= What to work on =
Only the lines of the data below from the one with "- card (forced_coords" through the one with "(r * j) < real" are wanted. Repeat them exactly.

= Exercise data =
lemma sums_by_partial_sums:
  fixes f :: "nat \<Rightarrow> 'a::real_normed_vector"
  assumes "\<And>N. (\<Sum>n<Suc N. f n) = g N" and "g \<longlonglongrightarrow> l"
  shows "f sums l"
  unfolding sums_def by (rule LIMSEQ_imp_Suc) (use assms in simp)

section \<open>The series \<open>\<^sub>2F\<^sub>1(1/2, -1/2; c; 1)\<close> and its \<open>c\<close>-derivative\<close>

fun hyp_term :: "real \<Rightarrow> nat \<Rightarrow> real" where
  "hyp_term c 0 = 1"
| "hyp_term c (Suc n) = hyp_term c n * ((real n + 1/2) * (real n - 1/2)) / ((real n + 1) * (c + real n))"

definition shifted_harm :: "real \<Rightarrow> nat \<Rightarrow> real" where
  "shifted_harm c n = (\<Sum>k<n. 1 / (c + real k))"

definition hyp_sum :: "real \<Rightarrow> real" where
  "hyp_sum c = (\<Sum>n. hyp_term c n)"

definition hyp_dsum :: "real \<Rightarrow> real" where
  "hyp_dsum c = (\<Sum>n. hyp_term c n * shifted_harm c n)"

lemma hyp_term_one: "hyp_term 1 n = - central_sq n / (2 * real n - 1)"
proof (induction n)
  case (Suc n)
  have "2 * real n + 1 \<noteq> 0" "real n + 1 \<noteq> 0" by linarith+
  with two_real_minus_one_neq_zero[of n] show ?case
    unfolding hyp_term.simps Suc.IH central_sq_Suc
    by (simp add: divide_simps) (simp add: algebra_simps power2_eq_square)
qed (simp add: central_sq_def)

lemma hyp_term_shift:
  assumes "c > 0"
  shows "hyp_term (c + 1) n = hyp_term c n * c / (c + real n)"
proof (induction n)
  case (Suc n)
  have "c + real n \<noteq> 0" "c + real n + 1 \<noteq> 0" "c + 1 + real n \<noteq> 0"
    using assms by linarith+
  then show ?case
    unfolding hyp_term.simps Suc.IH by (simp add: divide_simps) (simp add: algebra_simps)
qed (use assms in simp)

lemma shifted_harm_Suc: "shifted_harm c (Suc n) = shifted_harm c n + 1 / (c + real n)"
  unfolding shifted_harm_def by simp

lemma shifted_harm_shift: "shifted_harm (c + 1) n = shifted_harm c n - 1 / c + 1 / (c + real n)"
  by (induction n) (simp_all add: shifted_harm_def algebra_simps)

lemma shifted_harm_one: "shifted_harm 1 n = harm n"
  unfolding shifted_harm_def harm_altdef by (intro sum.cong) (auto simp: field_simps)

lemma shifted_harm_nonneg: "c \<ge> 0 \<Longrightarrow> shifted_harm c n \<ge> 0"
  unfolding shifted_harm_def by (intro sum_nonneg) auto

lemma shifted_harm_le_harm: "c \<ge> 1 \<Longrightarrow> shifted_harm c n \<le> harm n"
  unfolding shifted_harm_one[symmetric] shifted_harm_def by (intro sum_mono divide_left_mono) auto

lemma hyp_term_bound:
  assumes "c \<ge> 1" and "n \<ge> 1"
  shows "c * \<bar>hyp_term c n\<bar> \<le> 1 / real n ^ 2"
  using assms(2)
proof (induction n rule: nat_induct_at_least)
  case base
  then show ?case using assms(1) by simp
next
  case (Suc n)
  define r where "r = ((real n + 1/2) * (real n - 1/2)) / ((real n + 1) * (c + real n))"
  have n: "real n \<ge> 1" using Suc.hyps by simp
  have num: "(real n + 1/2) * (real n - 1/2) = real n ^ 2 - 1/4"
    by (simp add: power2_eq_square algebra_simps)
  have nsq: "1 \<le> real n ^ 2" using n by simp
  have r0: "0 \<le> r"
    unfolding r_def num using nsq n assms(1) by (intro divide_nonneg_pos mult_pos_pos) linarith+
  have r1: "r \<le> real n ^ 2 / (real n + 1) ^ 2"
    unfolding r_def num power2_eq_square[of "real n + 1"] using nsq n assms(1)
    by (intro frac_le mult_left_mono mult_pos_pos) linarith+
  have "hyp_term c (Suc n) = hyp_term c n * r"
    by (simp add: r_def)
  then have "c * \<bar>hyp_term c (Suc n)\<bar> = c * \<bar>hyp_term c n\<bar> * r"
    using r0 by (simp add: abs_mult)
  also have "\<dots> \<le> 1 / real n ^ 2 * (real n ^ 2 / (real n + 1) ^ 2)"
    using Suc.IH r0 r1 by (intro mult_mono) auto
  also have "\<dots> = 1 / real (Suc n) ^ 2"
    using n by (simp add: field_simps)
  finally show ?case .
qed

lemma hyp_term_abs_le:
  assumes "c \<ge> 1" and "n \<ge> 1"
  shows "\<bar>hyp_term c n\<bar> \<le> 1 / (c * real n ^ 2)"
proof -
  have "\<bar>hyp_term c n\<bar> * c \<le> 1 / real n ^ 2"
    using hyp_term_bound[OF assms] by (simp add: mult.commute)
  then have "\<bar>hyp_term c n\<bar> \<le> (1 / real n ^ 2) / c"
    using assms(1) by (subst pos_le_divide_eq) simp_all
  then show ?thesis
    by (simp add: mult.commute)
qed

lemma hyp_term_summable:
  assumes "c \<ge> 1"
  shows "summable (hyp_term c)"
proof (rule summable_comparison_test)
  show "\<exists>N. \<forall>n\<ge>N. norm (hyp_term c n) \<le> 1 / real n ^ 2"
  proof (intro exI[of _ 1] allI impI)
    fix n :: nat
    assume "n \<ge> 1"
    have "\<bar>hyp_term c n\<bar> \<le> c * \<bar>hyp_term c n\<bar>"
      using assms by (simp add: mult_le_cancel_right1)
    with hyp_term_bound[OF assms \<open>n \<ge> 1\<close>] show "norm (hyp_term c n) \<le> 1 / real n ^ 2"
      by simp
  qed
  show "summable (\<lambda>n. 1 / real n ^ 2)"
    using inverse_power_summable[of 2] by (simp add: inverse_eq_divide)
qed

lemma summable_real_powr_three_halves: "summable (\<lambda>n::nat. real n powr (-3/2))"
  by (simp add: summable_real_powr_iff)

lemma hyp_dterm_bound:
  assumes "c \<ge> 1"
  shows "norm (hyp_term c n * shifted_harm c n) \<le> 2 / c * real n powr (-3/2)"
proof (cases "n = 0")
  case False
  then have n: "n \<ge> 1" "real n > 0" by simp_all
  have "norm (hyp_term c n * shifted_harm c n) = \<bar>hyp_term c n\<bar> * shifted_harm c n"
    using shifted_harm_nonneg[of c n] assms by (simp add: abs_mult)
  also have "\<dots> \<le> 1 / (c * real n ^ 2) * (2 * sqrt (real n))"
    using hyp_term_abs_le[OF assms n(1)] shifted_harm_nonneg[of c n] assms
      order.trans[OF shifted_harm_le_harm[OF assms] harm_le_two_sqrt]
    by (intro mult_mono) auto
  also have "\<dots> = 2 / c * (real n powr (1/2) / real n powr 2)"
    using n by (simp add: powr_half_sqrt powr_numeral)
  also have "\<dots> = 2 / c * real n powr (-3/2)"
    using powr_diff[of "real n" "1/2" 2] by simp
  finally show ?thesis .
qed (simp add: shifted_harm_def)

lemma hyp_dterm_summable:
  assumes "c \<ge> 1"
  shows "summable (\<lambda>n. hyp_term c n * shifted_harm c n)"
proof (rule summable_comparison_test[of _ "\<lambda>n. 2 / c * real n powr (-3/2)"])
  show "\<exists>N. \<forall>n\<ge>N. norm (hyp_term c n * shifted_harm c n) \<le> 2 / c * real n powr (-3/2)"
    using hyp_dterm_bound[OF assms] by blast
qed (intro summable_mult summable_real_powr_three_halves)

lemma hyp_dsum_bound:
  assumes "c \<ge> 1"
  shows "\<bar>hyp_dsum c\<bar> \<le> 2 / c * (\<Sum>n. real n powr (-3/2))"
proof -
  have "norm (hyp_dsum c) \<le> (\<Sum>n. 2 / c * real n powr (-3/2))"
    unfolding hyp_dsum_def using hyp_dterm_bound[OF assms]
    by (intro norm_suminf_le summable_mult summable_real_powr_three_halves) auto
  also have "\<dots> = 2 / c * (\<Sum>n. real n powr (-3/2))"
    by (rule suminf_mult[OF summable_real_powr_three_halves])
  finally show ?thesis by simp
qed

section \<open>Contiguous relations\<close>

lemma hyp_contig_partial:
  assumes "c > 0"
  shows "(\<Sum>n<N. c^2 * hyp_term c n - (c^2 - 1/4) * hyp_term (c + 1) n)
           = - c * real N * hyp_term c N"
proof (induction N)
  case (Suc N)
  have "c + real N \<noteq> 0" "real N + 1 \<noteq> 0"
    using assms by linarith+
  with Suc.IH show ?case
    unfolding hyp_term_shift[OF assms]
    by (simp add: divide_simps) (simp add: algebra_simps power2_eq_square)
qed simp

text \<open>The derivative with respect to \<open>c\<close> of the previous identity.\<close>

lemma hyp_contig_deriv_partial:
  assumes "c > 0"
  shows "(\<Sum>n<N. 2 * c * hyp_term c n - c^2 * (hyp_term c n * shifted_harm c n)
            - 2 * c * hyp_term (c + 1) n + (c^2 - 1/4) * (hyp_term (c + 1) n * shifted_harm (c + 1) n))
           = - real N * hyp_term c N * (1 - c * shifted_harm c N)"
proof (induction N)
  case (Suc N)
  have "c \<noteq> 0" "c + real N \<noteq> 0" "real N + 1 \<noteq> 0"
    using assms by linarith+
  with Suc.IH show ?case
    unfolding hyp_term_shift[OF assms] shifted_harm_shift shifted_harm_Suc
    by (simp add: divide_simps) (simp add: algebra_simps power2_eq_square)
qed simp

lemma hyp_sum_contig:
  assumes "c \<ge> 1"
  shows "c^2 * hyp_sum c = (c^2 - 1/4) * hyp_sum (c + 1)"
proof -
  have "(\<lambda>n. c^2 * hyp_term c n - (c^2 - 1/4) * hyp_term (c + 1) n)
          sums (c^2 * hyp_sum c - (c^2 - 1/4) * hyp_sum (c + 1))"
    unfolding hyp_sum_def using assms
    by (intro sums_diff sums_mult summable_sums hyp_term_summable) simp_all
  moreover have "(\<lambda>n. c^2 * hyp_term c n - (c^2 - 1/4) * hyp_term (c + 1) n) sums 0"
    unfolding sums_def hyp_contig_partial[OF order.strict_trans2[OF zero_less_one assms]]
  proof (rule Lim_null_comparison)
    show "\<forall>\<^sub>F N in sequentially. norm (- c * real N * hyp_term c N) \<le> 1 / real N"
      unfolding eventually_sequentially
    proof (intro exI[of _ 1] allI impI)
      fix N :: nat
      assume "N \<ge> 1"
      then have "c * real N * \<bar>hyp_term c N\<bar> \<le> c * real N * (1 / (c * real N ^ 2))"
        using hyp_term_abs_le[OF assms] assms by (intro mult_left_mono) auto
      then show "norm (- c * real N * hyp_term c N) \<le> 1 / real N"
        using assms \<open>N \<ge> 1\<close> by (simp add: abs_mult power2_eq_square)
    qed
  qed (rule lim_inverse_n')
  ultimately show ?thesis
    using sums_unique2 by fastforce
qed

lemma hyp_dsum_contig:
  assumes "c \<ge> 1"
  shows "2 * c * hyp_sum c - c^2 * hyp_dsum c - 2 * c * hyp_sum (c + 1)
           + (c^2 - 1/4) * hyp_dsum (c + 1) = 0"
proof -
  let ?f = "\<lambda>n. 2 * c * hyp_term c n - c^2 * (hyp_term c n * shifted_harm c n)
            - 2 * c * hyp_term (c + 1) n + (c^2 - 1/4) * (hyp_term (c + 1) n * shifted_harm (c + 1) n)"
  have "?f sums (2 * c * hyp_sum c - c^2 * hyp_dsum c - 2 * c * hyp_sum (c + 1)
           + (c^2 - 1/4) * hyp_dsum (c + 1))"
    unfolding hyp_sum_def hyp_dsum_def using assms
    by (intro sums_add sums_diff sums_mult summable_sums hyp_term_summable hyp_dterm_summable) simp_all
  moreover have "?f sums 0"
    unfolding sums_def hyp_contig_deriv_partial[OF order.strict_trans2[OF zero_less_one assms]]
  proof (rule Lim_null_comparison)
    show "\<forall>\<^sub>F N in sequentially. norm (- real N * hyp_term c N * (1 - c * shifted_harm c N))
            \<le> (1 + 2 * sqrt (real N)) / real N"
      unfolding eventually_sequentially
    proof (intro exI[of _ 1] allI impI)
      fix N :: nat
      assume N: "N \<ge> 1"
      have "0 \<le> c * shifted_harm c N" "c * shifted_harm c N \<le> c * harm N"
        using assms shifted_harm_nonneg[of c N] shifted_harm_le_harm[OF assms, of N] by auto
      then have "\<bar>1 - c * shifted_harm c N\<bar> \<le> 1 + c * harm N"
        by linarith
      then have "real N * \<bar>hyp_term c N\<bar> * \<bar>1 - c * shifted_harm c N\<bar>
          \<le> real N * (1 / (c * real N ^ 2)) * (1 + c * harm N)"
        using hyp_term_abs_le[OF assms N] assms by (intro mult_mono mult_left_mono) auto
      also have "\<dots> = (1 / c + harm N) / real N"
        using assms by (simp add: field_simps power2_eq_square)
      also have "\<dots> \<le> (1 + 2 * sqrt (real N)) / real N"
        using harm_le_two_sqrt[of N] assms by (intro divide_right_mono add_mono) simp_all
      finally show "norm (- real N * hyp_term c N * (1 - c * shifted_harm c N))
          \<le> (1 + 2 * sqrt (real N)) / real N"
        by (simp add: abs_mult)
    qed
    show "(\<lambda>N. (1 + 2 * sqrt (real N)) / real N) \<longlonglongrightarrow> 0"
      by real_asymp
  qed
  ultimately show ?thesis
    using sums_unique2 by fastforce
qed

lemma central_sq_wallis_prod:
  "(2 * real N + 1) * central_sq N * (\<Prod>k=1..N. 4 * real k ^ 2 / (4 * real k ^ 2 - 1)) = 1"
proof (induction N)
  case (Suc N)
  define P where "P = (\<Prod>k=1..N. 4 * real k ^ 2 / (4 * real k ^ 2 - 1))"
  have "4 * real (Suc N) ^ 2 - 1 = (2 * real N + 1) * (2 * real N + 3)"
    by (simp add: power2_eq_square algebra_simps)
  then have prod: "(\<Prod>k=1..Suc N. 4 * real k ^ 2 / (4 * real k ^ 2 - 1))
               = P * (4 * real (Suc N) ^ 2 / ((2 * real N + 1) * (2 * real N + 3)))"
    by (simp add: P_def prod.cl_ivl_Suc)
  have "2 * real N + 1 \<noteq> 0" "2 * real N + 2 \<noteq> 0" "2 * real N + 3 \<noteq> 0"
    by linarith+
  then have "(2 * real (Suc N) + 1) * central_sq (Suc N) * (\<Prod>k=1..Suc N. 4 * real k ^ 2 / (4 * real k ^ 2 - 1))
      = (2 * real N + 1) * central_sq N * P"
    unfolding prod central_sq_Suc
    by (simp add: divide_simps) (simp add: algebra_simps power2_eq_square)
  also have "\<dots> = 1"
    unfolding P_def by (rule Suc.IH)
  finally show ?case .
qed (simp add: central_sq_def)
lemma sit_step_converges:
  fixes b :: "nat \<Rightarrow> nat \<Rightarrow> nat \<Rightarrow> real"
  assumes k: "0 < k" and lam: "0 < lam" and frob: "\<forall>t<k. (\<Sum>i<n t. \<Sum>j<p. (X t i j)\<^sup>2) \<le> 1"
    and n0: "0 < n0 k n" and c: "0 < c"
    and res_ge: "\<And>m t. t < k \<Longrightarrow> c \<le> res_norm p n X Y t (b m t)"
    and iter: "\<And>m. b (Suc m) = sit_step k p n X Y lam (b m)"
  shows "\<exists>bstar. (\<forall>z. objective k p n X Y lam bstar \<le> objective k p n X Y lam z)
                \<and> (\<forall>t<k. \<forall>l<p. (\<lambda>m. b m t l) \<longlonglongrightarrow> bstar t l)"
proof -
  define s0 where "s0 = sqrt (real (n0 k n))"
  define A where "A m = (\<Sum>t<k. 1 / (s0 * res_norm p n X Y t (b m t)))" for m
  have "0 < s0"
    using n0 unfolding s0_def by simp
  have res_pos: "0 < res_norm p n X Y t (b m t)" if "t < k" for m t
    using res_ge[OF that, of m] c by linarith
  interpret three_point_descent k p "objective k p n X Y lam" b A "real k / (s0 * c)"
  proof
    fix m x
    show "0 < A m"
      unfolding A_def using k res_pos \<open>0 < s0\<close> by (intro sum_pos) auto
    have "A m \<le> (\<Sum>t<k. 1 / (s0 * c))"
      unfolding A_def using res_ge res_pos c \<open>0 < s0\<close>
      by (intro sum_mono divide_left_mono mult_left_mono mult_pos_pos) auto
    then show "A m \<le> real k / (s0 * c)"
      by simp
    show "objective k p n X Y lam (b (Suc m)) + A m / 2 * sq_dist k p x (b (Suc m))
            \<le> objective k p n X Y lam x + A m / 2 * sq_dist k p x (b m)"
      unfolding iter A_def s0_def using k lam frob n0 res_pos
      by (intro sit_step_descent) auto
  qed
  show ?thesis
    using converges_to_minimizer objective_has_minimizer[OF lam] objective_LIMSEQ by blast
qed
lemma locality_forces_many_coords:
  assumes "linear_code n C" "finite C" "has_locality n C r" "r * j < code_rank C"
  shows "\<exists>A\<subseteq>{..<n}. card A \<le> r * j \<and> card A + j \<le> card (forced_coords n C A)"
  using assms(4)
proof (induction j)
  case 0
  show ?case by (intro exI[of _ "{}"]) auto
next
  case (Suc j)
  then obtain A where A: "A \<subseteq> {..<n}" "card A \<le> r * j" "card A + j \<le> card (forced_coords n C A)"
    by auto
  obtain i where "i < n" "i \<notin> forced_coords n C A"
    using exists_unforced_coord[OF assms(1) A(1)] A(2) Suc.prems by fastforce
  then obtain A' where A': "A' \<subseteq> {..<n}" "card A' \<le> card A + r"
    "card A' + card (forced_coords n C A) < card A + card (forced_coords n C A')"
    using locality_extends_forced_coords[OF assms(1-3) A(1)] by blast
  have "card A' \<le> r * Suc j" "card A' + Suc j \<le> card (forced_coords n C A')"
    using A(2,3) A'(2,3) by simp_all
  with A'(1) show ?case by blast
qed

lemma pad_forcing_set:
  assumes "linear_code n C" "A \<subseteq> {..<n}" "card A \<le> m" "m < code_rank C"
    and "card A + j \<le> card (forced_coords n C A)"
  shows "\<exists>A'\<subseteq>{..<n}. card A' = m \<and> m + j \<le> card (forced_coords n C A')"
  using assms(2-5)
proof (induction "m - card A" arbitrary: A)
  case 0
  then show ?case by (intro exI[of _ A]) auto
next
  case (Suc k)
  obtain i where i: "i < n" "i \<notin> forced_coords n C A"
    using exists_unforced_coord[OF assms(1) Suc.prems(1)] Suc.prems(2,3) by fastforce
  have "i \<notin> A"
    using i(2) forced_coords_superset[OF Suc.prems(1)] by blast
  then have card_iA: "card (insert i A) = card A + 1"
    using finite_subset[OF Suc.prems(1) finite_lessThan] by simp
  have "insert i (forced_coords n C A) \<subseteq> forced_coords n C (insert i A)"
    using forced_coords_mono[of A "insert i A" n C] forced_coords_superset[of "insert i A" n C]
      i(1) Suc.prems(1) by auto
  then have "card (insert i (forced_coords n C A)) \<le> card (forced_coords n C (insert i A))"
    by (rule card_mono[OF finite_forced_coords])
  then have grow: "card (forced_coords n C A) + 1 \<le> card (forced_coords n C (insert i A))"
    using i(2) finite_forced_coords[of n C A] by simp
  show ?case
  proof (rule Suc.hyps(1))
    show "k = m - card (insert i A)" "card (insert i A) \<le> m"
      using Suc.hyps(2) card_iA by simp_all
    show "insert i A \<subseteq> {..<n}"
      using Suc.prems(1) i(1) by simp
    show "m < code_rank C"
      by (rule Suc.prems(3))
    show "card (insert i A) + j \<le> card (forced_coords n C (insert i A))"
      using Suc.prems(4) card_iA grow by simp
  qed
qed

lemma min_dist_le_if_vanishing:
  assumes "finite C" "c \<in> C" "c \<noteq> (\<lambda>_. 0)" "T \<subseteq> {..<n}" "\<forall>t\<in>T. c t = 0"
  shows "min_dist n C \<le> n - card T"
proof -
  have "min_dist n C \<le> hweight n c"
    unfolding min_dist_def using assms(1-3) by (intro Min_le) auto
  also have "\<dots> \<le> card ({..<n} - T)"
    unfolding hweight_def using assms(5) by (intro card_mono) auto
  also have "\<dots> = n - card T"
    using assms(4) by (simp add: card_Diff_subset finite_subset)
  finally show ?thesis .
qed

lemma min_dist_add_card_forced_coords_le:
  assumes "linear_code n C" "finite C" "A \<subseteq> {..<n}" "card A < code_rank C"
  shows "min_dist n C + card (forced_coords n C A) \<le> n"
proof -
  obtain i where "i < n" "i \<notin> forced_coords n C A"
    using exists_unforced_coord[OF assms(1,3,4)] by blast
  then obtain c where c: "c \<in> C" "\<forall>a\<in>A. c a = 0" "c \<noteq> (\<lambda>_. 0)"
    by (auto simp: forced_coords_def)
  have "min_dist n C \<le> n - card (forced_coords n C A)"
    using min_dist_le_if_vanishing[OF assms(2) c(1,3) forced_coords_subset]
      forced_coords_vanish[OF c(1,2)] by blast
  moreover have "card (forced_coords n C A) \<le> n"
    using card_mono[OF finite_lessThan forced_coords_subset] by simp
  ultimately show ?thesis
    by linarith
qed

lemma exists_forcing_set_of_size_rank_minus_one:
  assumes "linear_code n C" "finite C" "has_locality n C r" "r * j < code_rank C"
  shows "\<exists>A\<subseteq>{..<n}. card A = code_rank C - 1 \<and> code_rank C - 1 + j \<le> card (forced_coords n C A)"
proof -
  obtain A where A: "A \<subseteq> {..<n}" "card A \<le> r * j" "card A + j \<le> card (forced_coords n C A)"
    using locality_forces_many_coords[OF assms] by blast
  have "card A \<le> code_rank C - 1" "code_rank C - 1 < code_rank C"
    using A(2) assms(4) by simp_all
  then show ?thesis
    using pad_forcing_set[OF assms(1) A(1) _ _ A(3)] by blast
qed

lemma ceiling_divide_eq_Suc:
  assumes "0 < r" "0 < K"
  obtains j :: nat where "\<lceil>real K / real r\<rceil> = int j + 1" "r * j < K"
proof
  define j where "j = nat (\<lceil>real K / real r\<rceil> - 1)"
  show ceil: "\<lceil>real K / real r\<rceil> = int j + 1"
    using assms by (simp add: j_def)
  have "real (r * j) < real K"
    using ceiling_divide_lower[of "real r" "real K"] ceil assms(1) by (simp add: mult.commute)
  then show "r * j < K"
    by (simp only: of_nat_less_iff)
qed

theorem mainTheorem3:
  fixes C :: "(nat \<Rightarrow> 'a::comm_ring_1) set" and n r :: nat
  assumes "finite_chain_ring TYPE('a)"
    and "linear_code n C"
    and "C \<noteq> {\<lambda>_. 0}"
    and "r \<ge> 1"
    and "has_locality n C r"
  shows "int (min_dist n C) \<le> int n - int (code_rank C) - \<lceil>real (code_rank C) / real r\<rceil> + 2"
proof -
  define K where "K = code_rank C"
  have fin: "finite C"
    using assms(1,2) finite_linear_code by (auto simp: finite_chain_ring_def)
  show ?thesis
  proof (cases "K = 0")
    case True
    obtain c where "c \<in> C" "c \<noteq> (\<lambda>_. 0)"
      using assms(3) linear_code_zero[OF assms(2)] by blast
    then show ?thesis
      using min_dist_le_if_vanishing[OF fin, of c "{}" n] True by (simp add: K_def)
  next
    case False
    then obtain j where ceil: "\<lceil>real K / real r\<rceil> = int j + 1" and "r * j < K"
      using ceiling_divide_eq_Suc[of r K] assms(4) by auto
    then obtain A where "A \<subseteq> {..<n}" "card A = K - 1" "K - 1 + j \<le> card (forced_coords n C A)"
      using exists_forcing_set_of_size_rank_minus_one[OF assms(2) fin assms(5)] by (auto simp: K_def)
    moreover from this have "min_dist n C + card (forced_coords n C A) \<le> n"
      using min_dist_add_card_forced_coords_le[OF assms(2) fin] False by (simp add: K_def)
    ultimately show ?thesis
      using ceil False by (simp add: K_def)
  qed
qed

= Solution =
  have "min_dist n C \<le> n - card (forced_coords n C A)"
    using min_dist_le_if_vanishing[OF assms(2) c(1,3) forced_coords_subset]
      forced_coords_vanish[OF c(1,2)] by blast
  moreover have "card (forced_coords n C A) \<le> n"
    using card_mono[OF finite_lessThan forced_coords_subset] by simp
  ultimately show ?thesis
    by linarith
qed

lemma exists_forcing_set_of_size_rank_minus_one:
  assumes "linear_code n C" "finite C" "has_locality n C r" "r * j < code_rank C"
  shows "\<exists>A\<subseteq>{..<n}. card A = code_rank C - 1 \<and> code_rank C - 1 + j \<le> card (forced_coords n C A)"
proof -
  obtain A where A: "A \<subseteq> {..<n}" "card A \<le> r * j" "card A + j \<le> card (forced_coords n C A)"
    using locality_forces_many_coords[OF assms] by blast
  have "card A \<le> code_rank C - 1" "code_rank C - 1 < code_rank C"
    using A(2) assms(4) by simp_all
  then show ?thesis
    using pad_forcing_set[OF assms(1) A(1) _ _ A(3)] by blast
qed

lemma ceiling_divide_eq_Suc:
  assumes "0 < r" "0 < K"
  obtains j :: nat where "\<lceil>real K / real r\<rceil> = int j + 1" "r * j < K"
proof
  define j where "j = nat (\<lceil>real K / real r\<rceil> - 1)"
  show ceil: "\<lceil>real K / real r\<rceil> = int j + 1"
    using assms by (simp add: j_def)
  have "real (r * j) < real K"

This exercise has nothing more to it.